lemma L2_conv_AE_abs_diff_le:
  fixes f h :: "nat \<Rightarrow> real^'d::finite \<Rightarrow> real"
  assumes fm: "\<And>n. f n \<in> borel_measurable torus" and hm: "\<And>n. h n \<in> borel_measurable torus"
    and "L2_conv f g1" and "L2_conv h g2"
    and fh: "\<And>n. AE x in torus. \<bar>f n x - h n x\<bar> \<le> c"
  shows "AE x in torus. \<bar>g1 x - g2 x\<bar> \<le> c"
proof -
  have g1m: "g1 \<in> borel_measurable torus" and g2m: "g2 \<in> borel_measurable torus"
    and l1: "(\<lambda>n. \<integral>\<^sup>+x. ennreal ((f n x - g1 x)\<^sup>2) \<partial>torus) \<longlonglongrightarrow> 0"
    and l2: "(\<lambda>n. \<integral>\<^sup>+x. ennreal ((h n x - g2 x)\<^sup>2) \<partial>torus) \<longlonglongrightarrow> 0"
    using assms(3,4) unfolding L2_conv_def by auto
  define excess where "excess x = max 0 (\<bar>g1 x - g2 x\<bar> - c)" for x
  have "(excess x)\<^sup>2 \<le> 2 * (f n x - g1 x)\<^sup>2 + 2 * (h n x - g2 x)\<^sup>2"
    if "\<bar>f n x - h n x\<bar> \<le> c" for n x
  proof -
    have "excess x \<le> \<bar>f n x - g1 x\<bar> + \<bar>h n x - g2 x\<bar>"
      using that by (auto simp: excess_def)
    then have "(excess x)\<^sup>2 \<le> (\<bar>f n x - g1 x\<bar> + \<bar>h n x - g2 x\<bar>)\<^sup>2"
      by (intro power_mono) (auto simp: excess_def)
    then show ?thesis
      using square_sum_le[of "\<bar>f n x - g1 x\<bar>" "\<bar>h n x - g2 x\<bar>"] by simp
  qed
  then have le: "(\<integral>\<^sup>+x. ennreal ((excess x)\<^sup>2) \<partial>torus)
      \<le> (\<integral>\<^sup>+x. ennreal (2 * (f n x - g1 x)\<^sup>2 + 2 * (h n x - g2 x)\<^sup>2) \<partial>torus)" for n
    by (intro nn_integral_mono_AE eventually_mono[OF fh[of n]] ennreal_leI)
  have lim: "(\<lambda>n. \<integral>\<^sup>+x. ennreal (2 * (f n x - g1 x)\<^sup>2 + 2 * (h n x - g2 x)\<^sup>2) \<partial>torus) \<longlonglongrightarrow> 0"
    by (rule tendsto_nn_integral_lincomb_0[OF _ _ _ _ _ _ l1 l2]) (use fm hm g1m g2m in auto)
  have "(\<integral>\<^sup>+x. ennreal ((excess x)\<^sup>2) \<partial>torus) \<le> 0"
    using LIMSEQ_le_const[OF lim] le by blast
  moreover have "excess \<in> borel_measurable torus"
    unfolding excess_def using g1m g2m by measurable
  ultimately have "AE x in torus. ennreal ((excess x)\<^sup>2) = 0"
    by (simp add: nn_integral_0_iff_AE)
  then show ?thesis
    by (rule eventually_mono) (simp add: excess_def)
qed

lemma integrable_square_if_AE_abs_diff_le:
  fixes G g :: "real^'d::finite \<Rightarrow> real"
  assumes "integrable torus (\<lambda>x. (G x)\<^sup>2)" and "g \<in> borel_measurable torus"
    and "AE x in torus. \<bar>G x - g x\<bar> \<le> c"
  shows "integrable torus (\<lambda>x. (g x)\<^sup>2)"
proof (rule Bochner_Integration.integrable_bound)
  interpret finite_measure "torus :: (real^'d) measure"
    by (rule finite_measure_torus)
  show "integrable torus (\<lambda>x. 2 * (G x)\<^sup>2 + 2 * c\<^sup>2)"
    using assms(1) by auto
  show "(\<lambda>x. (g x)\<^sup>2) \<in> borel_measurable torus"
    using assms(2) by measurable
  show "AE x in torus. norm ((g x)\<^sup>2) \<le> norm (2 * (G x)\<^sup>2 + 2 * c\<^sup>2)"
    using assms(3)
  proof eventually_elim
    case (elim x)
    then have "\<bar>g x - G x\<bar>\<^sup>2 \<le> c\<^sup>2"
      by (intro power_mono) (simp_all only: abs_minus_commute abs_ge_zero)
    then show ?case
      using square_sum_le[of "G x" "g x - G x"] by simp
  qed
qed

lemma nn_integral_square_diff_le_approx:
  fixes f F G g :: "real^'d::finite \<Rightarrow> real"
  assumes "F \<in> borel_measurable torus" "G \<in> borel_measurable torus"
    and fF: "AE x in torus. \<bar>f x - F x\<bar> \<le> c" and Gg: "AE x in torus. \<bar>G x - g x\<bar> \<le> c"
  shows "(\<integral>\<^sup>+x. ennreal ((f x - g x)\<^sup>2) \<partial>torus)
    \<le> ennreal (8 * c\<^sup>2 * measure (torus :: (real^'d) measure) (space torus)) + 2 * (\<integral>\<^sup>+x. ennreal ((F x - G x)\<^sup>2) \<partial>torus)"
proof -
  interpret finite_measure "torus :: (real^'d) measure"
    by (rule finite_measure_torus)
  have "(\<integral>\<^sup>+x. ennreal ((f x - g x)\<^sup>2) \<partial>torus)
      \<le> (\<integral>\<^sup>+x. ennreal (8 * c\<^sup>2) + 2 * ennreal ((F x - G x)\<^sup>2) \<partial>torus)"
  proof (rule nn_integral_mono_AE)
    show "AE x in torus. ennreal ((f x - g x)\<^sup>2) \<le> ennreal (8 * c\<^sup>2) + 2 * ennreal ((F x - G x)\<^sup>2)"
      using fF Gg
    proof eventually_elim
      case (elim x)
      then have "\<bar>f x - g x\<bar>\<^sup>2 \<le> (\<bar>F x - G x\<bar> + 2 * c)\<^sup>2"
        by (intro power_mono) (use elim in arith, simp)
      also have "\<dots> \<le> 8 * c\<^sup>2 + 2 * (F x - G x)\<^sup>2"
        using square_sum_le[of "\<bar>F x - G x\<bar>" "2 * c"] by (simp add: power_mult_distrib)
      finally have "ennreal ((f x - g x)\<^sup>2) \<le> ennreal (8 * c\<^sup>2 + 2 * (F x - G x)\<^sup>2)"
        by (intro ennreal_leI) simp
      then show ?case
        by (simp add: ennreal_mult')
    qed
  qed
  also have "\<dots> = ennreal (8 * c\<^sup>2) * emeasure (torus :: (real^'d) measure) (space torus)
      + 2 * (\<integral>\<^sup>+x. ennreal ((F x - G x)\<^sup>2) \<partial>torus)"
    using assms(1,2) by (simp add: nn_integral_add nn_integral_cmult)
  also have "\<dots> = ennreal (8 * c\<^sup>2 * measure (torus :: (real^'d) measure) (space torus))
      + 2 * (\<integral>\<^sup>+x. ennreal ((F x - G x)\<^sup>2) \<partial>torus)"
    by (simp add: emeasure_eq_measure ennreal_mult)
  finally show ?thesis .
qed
* * * * *
**ACTIVITY:** Wherever the string "unfolding" occurs in the data, copy the line that holds it.

**EXERCISE RESPONSE:**
    using assms(3,4) unfolding L2_conv_def by auto
    unfolding excess_def using g1m g2m by measurable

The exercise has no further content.